Fed Chief Warns That National Debt Trend Will Choke Economic Growth
Less than two months after acting to bail out the nation’s money markets because of a liquidity crisis that arose from a surge in U.S. government borrowing to fund its spending, Federal Reserve Chair Jerome Powell testified before the U.S. Congress that the federal government’s current course of debt-fueled spending is on an “unsustainable path.”
USA Today‘s Paul Davidson reports on Powell’s November 13 congressional testimony, which foretells of a limit on both the Federal Reserve’s and the U.S. government’s ability to respond to future economic distress:
“The federal budget is on an unsustainable path, with high and rising debt,” Powell told the Joint Economic Committee. “Over time, this outlook could restrain fiscal policymakers’ willingness or ability to support economic activity during a downturn.”...
“The debt is growing faster than the economy and that is unsustainable,” Powell said.
He added that a high and rising federal debt also can “restrain private investment and, thereby, reduce productivity and overall economic growth.” That’s because swollen debt can push interest rates higher.

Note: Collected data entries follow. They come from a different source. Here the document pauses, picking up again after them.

(* Each of the following two sets of $8\times 8$ matrices is a minimal generating set for $\mathrm{O}(8,\mathbb{D})$ (it generates $\mathrm{O}(8,\mathbb{D})$ and no proper subset of it generates $\mathrm{O}(8,\mathbb{D})$): (1) $\Sigma_K=\{X_0,\ CX_{0,1},\ CCX_{1,2},\ K_{[0,1,2,3]}\}$; (2) $\Sigma_Z=\{X_0,\ CX_{0,1},\ CCX_{1,2},\ K_{1,2},\ CCZ\}$.
   Context: $\mathbb{D}=\mathbb{Z}[1/2]$ and $\mathrm{O}(8,\mathbb{D})$ is the group of $8\times8$ orthogonal matrices with entries in $\mathbb{D}$. Qubits are labelled $0,1,2$; $|x_0x_1x_2\rangle$ is identified with the standard basis vector $e_{4x_0+2x_1+x_2}$ of $\mathbb{R}^8$. $X=\begin{bmatrix}0&1\\1&0\end{bmatrix}$, $H=\frac1{\sqrt2}\begin{bmatrix}1&1\\1&-1\end{bmatrix}$. $X_0=X\otimes I\otimes I$; $CX_{0,1}$ sends $|x_0x_1x_2\rangle$ to $|x_0,x_1\oplus x_0,x_2\rangle$; $CCX_{1,2}$ sends $|x_0x_1x_2\rangle$ to $|x_0\oplus x_1x_2,x_1,x_2\rangle$; $K_{1,2}=I\otimes H\otimes H$; $CCZ$ is the diagonal matrix with $-1$ in the entry of $|111\rangle=e_7$ and $1$ elsewhere; $K_{[0,1,2,3]}$ is the matrix acting as $H\otimes H$ on $\mathrm{span}(e_0,e_1,e_2,e_3)$ and as the identity on $\mathrm{span}(e_4,\dots,e_7)$ (i.e. $K_{1,2}$ applied when qubit $0$ is in state $|0\rangle$). *)

theory Defs
  imports "HOL-Analysis.Analysis"
begin

text \<open>Basis index of a row/column (type 8 has elements 0..7; e_k has index k).\<close>
definition idx :: "8 \<Rightarrow> nat" where
  "idx i = nat (Rep_bit0 i)"

text \<open>Bit of qubit q (q = 0 most significant) of k = 4 x0 + 2 x1 + x2.\<close>
definition qbit :: "nat \<Rightarrow> nat \<Rightarrow> nat" where
  "qbit q k = (k div 2 ^ (2 - q)) mod 2"

definition dyadic :: "real \<Rightarrow> bool" where
  "dyadic x \<longleftrightarrow> (\<exists>a::int. \<exists>k::nat. x = of_int a / 2 ^ k)"

definition O8D :: "(real^8^8) set" where
  "O8D = {A. orthogonal_matrix A \<and> (\<forall>i j. dyadic (A $ i $ j))}"

inductive_set gen_group :: "(real^8^8) set \<Rightarrow> (real^8^8) set" for S where
  gen_base: "A \<in> S \<Longrightarrow> A \<in> gen_group S"
| gen_one: "mat 1 \<in> gen_group S"
| gen_mult: "A \<in> gen_group S \<Longrightarrow> B \<in> gen_group S \<Longrightarrow> A ** B \<in> gen_group S"
| gen_inv: "A \<in> gen_group S \<Longrightarrow> matrix_inv A \<in> gen_group S"

definition perm_mat :: "(nat \<Rightarrow> nat) \<Rightarrow> real^8^8" where
  "perm_mat p = (\<chi> i j. if idx i = p (idx j) then 1 else 0)"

Powell is correct to recognize that having debt grow faster than the economy is unsustainable. That divergence has arisen because the U.S. government’s spending has grown far faster than its tax revenues, which have otherwise kept pace with the rate of growth of the U.S. economy since the end of the Second World War.
The easiest and least painful way to set the U.S. government’s spending and national debt growth trajectories onto a sustainable path would be to restrain the growth of spending to rates below the historical growth rate of the U.S. government’s tax revenues.
Because the U.S. Congress sets the trajectory for federal spending, Powell is delivering his message to the right place. Unfortunately, the people to whom he’s delivering it are the same people who chose to put government spending on such an unsustainable path in the first place.